_WORK TASK_:
After finding the line with "proof eventually_elim" in the entries below, retype exactly each line from there through the line with "M (\<lambda>z. indicator", including that final line.

[Source data]
lemma set_integral_eq_riesz_complement:
  assumes Q: "Q \<in> cubes D" and Rmu: "set_integrable M Q Rmu"
    and lim: "((\<lambda>\<epsilon>. \<integral>\<^sup>+ z. indicator Q z * ennreal (norm (riesz_trunc M s \<epsilon> z - Rmu z)) \<partial>M) \<longlongrightarrow> 0) (at_right 0)"
  shows "(LINT z:Q|M. Rmu z) = (LINT z:Q|M. riesz M s (- Q) z)"
proof -
  obtain \<delta> where \<delta>: "0 < \<delta>" "\<forall>z\<in>Q. \<forall>w\<in>cantor_set D - Q. \<delta> \<le> dist z w"
    using cantor_set_gap[OF Q] by blast
  define X where "X = (LINT z:Q|M. Rmu z) - (LINT z:Q|M. riesz M s (- Q) z)"
  have "\<forall>\<^sub>F \<epsilon> in at_right 0. ennreal (norm X) \<le> (\<integral>\<^sup>+ z. indicator Q z * ennreal (norm (riesz_trunc M s \<epsilon> z - Rmu z)) \<partial>M)"
    using eventually_at_right_real[OF \<delta>(1)]
  proof eventually_elim
    case (elim e)
    then have e: "0 < e" "e < \<delta>" by auto
    note trunc = set_integral_riesz_trunc_eq[OF Q e \<delta>(2)]
    have "X = (LINT z:Q|M. Rmu z - riesz_trunc M s e z)"
      unfolding X_def trunc(2)[symmetric] using set_integral_diff(2)[OF Rmu trunc(1)] by simp
    moreover have "integrable M (\<lambda>z. indicator Q z *\<^sub>R (Rmu z - riesz_trunc M s e z))"
      using set_integral_diff(1)[OF Rmu trunc(1)] unfolding set_integrable_def .
    ultimately have "ennreal (norm X) \<le> (\<integral>\<^sup>+ z. ennreal (norm (indicator Q z *\<^sub>R (Rmu z - riesz_trunc M s e z))) \<partial>M)"
      unfolding set_lebesgue_integral_def by (simp only: integral_norm_bound_ennreal)
    also have "\<dots> = (\<integral>\<^sup>+ z. indicator Q z * ennreal (norm (riesz_trunc M s e z - Rmu z)) \<partial>M)"
      by (intro nn_integral_cong) (simp add: indicator_def norm_minus_commute)
    finally show ?case .
  qed
  then have "ennreal (norm X) \<le> 0"
    by (rule tendsto_le[OF trivial_limit_at_right_real lim tendsto_const])
  then show ?thesis unfolding X_def by simp
qed

lemma norm_riesz_off_cube_oscillation_le:
  assumes Q: "Q \<in> cubes D" "A \<in> cubes D" "Q \<subseteq> A"
    and S: "S \<in> sets borel" "S \<inter> cantor_set D \<subseteq> A - Q" and xy: "x \<in> Q" "y \<in> Q"
  shows "norm (riesz M s S x - riesz M s S y) \<le> (2 * s + 3) * c powr (-(s + 1)) * pcoef2 D M s Q A"
proof -
  have "dist x y \<le> diameter Q" "0 \<le> diameter Q"
    using diameter_bounded_bound[OF bounded_cube[OF Q(1)] xy] diameter_ge_0[OF bounded_cube[OF Q(1)]] .
  then have "dist x y / diameter Q \<le> 1" by (cases "diameter Q = 0") simp_all
  moreover have "0 \<le> pcoef2 D M s Q A"
    unfolding pcoef2_def Theta_def
    by (intro sum_nonneg mult_nonneg_nonneg divide_nonneg_nonneg diameter_ge_0 bounded_cube Q(1)) auto
  moreover have "0 \<le> (2 * s + 3) * c powr (-(s + 1))" using s_pos by simp
  ultimately have "(2 * s + 3) * c powr (-(s + 1)) * (dist x y / diameter Q) * pcoef2 D M s Q A
      \<le> (2 * s + 3) * c powr (-(s + 1)) * 1 * pcoef2 D M s Q A"
    by (intro mult_right_mono mult_left_mono)
  with norm_riesz_off_cube_diff_le[OF assms] show ?thesis by simp
qed

lemma pcoef_eq_pcoef2_top: "R \<in> cubes D \<Longrightarrow> pcoef D M s R = pcoef2 D M s R top_cube"
  unfolding pcoef_def pcoef2_def using cube_subset_top by (intro sum.cong) auto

_WORKED SOLUTION_:
  proof eventually_elim
    case (elim e)
    then have e: "0 < e" "e < \<delta>" by auto
    note trunc = set_integral_riesz_trunc_eq[OF Q e \<delta>(2)]
    have "X = (LINT z:Q|M. Rmu z - riesz_trunc M s e z)"
      unfolding X_def trunc(2)[symmetric] using set_integral_diff(2)[OF Rmu trunc(1)] by simp
    moreover have "integrable M (\<lambda>z. indicator Q z *\<^sub>R (Rmu z - riesz_trunc M s e z))"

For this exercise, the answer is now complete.